Saved data entries
-- Opening Marker --

(* Fix an integer $k\ge2$. For each $3$-element subset $A=\{a,b,c\}$ of $\{0,1,\dots,k\}$ with $a<b<c$, let $\rho_A$ be the polymatroid on a $2$-element set $\{e,f\}$ given by $\rho_A(\emptyset)=0$, $\rho_A(\{e\})=b$, $\rho_A(\{f\})=c$, $\rho_A(\{e,f\})=a+c$. Then a $k$-polymatroid is an excluded minor for $\mathcal{Q}_k$ within the class of $k$-polymatroids (i.e., it is not in $\mathcal{Q}_k$ but all of its proper minors are) if and only if it is isomorphic to $\rho_A$ for some such $A$; thus $\mathcal{Q}_k$ has exactly $\binom{k+1}{3}$ excluded minors within the class of $k$-polymatroids.
   Context: A polymatroid on a finite set $E$ is a function $\rho:2^E\to\mathbb{Z}$ that is normalized, non-decreasing and submodular; it is a $k$-polymatroid if $\rho(\{e\})\le k$ for all $e$. For matroids $Q,L$ on $E$, $Q$ is a quotient of $L$ if there is a matroid $M$ and $A\subseteq E(M)$ with $L=M\backslash A$ and $Q=M/A$ (equivalently, $r_L-r_Q$ is non-decreasing). $\mathcal{Q}_k$ is the class of polymatroids of the form $r_{M_1}+\cdots+r_{M_k}$ where each $M_{i+1}$ ($i\in[k-1]$) is a quotient of (possibly equal to) $M_i$. Minors: $\rho_{\backslash A}(X)=\rho(X)$, $\rho_{/A}(X)=\rho(X\cup A)-\rho(A)$ for $X\subseteq E-A$; minors are $(\rho_{\backslash A})_{/B}$ for disjoint $A,B$, proper if $A\cup B\ne\emptyset$. Polymatroids are isomorphic if a bijection of ground sets preserves the rank function. *)

theory Defs
  imports Main
begin

definition polymatroid :: "'a set \<Rightarrow> ('a set \<Rightarrow> int) \<Rightarrow> bool" where
  "polymatroid E \<rho> \<longleftrightarrow> finite E \<and> \<rho> {} = 0
     \<and> (\<forall>X Y. X \<subseteq> Y \<and> Y \<subseteq> E \<longrightarrow> \<rho> X \<le> \<rho> Y)
     \<and> (\<forall>X Y. X \<subseteq> E \<and> Y \<subseteq> E \<longrightarrow> \<rho> (X \<union> Y) + \<rho> (X \<inter> Y) \<le> \<rho> X + \<rho> Y)"

definition k_polymatroid :: "nat \<Rightarrow> 'a set \<Rightarrow> ('a set \<Rightarrow> int) \<Rightarrow> bool" where
  "k_polymatroid k E \<rho> \<longleftrightarrow> polymatroid E \<rho> \<and> (\<forall>e\<in>E. \<rho> {e} \<le> int k)"

definition matroid_rank :: "'a set \<Rightarrow> ('a set \<Rightarrow> int) \<Rightarrow> bool" where
  "matroid_rank E r \<longleftrightarrow> finite E
     \<and> (\<forall>X. X \<subseteq> E \<longrightarrow> 0 \<le> r X \<and> r X \<le> int (card X))
     \<and> (\<forall>X Y. X \<subseteq> Y \<and> Y \<subseteq> E \<longrightarrow> r X \<le> r Y)
     \<and> (\<forall>X Y. X \<subseteq> E \<and> Y \<subseteq> E \<longrightarrow> r (X \<union> Y) + r (X \<inter> Y) \<le> r X + r Y)"
lemma smooth_on_iff_pd: "smooth_on U h \<longleftrightarrow> differentiable_continuous_on U h \<and> (\<forall>i. smooth_on U (pd i h))"
proof
  assume s: "smooth_on U h"
  have "differentiable_continuous_on U h" using s[unfolded smooth_on_def, rule_format, of "[]"] by (simp add: differentiable_continuous_on_def)
  moreover have "smooth_on U (pd i h)" for i
    unfolding smooth_on_def using s[unfolded smooth_on_def] by (metis iter_pd_snoc)
  ultimately show "differentiable_continuous_on U h \<and> (\<forall>i. smooth_on U (pd i h))" by blast
next
  assume a: "differentiable_continuous_on U h \<and> (\<forall>i. smooth_on U (pd i h))"
  show "smooth_on U h" unfolding smooth_on_def
  proof
    fix "is" show "continuous_on U (iter_pd is h) \<and> (\<forall>x\<in>U. iter_pd is h differentiable at x)"
    proof (cases "is" rule: rev_cases)
      case Nil then show ?thesis using a by (simp add: differentiable_continuous_on_def)
    next
      case (snoc js i)
      then show ?thesis using a[THEN conjunct2, rule_format, of i] unfolding smooth_on_def
        by (simp add: iter_pd_snoc)
    qed
  qed
qed

lemma smooth_on_coinduct:
  assumes "P h" and step: "\<And>h. P h \<Longrightarrow> differentiable_continuous_on U h \<and> (\<forall>i. P (pd i h))"
  shows "smooth_on U h"
proof -
  have "\<forall>h. P h \<longrightarrow> differentiable_continuous_on U (iter_pd is h)" for "is"
  proof (induction "is" rule: rev_induct)
    case Nil then show ?case using step by simp
  next
    case (snoc i js)
    then show ?case using step by (simp add: iter_pd_snoc)
  qed
  then show ?thesis using assms(1) unfolding smooth_on_def differentiable_continuous_on_def by blast
qed

lemma smooth_on_pd: "smooth_on U h \<Longrightarrow> smooth_on U (pd i h)"
  using smooth_on_iff_pd by blast

lemma smooth_on_differentiable: "smooth_on U h \<Longrightarrow> y \<in> U \<Longrightarrow> h differentiable (at y)"
  using smooth_on_iff_pd differentiable_continuous_on_def by blast

lemma smooth_on_continuous: "smooth_on U h \<Longrightarrow> continuous_on U h"
  using smooth_on_iff_pd differentiable_continuous_on_def by blast

lemma smooth_on_has_pd: "smooth_on U h \<Longrightarrow> y \<in> U \<Longrightarrow> has_pd i h y (pd i h y)"
  by (rule has_pd_pd, rule smooth_on_differentiable)

text \<open>Closure properties of \<open>smooth_on\<close> are obtained coinductively: the set of
  functions generated from smooth ones by the field operations is closed under \<open>pd\<close>.\<close>

inductive_set smooth_terms :: "pt set \<Rightarrow> (pt \<Rightarrow> real) set" for U where
  base: "smooth_on U h \<Longrightarrow> h \<in> smooth_terms U"
| add: "h \<in> smooth_terms U \<Longrightarrow> k \<in> smooth_terms U \<Longrightarrow> (\<lambda>y. h y + k y) \<in> smooth_terms U"
| mult: "h \<in> smooth_terms U \<Longrightarrow> k \<in> smooth_terms U \<Longrightarrow> (\<lambda>y. h y * k y) \<in> smooth_terms U"
| const: "(\<lambda>y. c) \<in> smooth_terms U"
| inverse: "h \<in> smooth_terms U \<Longrightarrow> (\<forall>y\<in>U. h y \<noteq> 0) \<Longrightarrow> (\<lambda>y. inverse (h y)) \<in> smooth_terms U"
| cong: "h \<in> smooth_terms U \<Longrightarrow> (\<forall>y\<in>U. k y = h y) \<Longrightarrow> k \<in> smooth_terms U"

lemma smooth_terms_differentiable_continuous_on:
  assumes U: "open U" and "h \<in> smooth_terms U"
  shows "differentiable_continuous_on U h"
  using assms(2) unfolding differentiable_continuous_on_def
proof (induction rule: smooth_terms.induct)
  case (base h)
  then show ?case using smooth_on_continuous smooth_on_differentiable by blast
next
  case (cong h k)
  then show ?case
    by (auto intro: differentiable_cong_open[OF U] continuous_on_cong[THEN iffD1])
qed (auto intro!: continuous_on_add continuous_on_mult continuous_on_inverse
       differentiable_add differentiable_mult differentiable_inverse)

lemma smooth_terms_has_pd:
  "open U \<Longrightarrow> h \<in> smooth_terms U \<Longrightarrow> y \<in> U \<Longrightarrow> has_pd i h y (pd i h y)"
  using smooth_terms_differentiable_continuous_on
  by (auto intro: has_pd_pd simp: differentiable_continuous_on_def)

lemma smooth_terms_pd:
  assumes U: "open U" and "h \<in> smooth_terms U"
  shows "pd i h \<in> smooth_terms U"
  using assms(2)
proof (induction rule: smooth_terms.induct)
  case (base h)
  then show ?case by (blast intro: smooth_terms.base smooth_on_pd)
next
  case (add h k)
  show ?case
    by (rule smooth_terms.cong[OF smooth_terms.add[OF add.IH]])
      (use add.hyps in \<open>auto intro!: pd_eqI has_pd_add smooth_terms_has_pd[OF U]\<close>)
next
  case (mult h k)
  show ?case
    by (rule smooth_terms.cong[OF smooth_terms.add[OF smooth_terms.mult[OF mult.IH(1) mult.hyps(2)]
          smooth_terms.mult[OF mult.hyps(1) mult.IH(2)]]])
      (use mult.hyps in \<open>auto intro!: pd_eqI has_pd_mult smooth_terms_has_pd[OF U]\<close>)
next
  case (const c)
  have "pd i (\<lambda>y. c) = (\<lambda>y. 0)" by (simp add: fun_eq_iff pd_const)
  then show ?case by (simp add: smooth_terms.const)
next
  case (inverse h)
  have inv: "(\<lambda>y. inverse (h y)) \<in> smooth_terms U" by (rule smooth_terms.inverse[OF inverse.hyps])
  show ?case
    by (rule smooth_terms.cong[OF smooth_terms.mult[OF smooth_terms.const[of "-1"]
          smooth_terms.mult[OF inv smooth_terms.mult[OF inv inverse.IH]]]])
      (use inverse.hyps in \<open>auto intro!: pd_eqI has_pd_inverse smooth_terms_has_pd[OF U]\<close>)
next
  case (cong h k)
  then show ?case using pd_cong_open[OF U, of _ k h i] by (blast intro: smooth_terms.cong)
qed

lemma smooth_terms_smooth_on: "open U \<Longrightarrow> h \<in> smooth_terms U \<Longrightarrow> smooth_on U h"
  by (rule smooth_on_coinduct[where P="\<lambda>h. h \<in> smooth_terms U"])
    (auto intro: smooth_terms_differentiable_continuous_on smooth_terms_pd)

lemma smooth_on_add: "open U \<Longrightarrow> smooth_on U h \<Longrightarrow> smooth_on U k \<Longrightarrow> smooth_on U (\<lambda>y. h y + k y)"
  by (blast intro: smooth_terms_smooth_on smooth_terms.intros)

lemma smooth_on_mult: "open U \<Longrightarrow> smooth_on U h \<Longrightarrow> smooth_on U k \<Longrightarrow> smooth_on U (\<lambda>y. h y * k y)"
  by (blast intro: smooth_terms_smooth_on smooth_terms.intros)

lemma smooth_on_const: "open U \<Longrightarrow> smooth_on U (\<lambda>y. c)"
  by (blast intro: smooth_terms_smooth_on smooth_terms.intros)

lemma smooth_on_inverse: "open U \<Longrightarrow> smooth_on U h \<Longrightarrow> (\<forall>y\<in>U. h y \<noteq> 0) \<Longrightarrow> smooth_on U (\<lambda>y. inverse (h y))"
  by (blast intro: smooth_terms_smooth_on smooth_terms.intros)

lemma smooth_on_cong: "open U \<Longrightarrow> smooth_on U h \<Longrightarrow> (\<forall>y\<in>U. k y = h y) \<Longrightarrow> smooth_on U k"
  by (blast intro: smooth_terms_smooth_on smooth_terms.intros)

lemma smooth_on_diff: "open U \<Longrightarrow> smooth_on U h \<Longrightarrow> smooth_on U k \<Longrightarrow> smooth_on U (\<lambda>y. h y - k y)"
proof -
  assume a: "open U" "smooth_on U h" "smooth_on U k"
  have "smooth_on U (\<lambda>y. h y + (\<lambda>y. -1) y * k y)"
    using a by (intro smooth_on_add smooth_on_mult smooth_on_const)
  then show ?thesis by simp
qed

lemma smooth_on_cmult: "open U \<Longrightarrow> smooth_on U h \<Longrightarrow> smooth_on U (\<lambda>y. c * h y)"
  using smooth_on_mult[of U "\<lambda>y. c" h] smooth_on_const by blast

lemma smooth_on_divide: "open U \<Longrightarrow> smooth_on U h \<Longrightarrow> smooth_on U k \<Longrightarrow> (\<forall>y\<in>U. k y \<noteq> 0) \<Longrightarrow> smooth_on U (\<lambda>y. h y / k y)"
  using smooth_on_mult[OF _ _ smooth_on_inverse, of U h k] by (simp add: divide_inverse)

lemma smooth_on_sum:
  assumes "open U" "finite S" "\<And>a. a \<in> S \<Longrightarrow> smooth_on U (F a)"
  shows "smooth_on U (\<lambda>y. \<Sum>a\<in>S. F a y)"
  using assms(2,3)
proof (induction S rule: finite_induct)
  case empty then show ?case using smooth_on_const[OF assms(1)] by simp
next
  case (insert a S) then show ?case by (simp add: smooth_on_add assms(1))
qed

lemma pd_mult: "smooth_on U A \<Longrightarrow> smooth_on U B \<Longrightarrow> y \<in> U \<Longrightarrow>
   pd i (\<lambda>y. A y * B y) y = pd i A y * B y + A y * pd i B y"
  by (intro pd_eqI has_pd_mult smooth_on_has_pd)

lemma pd_add: "smooth_on U A \<Longrightarrow> smooth_on U B \<Longrightarrow> y \<in> U \<Longrightarrow>
   pd i (\<lambda>y. A y + B y) y = pd i A y + pd i B y"
  by (intro pd_eqI has_pd_add smooth_on_has_pd)

lemma pd_diff: "smooth_on U A \<Longrightarrow> smooth_on U B \<Longrightarrow> y \<in> U \<Longrightarrow>
   pd i (\<lambda>y. A y - B y) y = pd i A y - pd i B y"
  by (intro pd_eqI has_pd_diff smooth_on_has_pd)

lemma pd_cmult: assumes "smooth_on U A" "y \<in> U" shows "pd i (\<lambda>y. c * A y) y = c * pd i A y"
proof -
  have "has_pd i (\<lambda>z. c * A z) y (0 * A y + c * pd i A y)"
    by (rule has_pd_mult[OF has_pd_const smooth_on_has_pd[OF assms]])
  then show ?thesis by (auto dest: pd_eqI)
qed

-- Closing Marker --

Some of the data mentions "unfolded". Copy every line where it does.

  have "differentiable_continuous_on U h" using s[unfolded smooth_on_def, rule_format, of "[]"] by (simp add: differentiable_continuous_on_def)
    unfolding smooth_on_def using s[unfolded smooth_on_def] by (metis iter_pd_snoc)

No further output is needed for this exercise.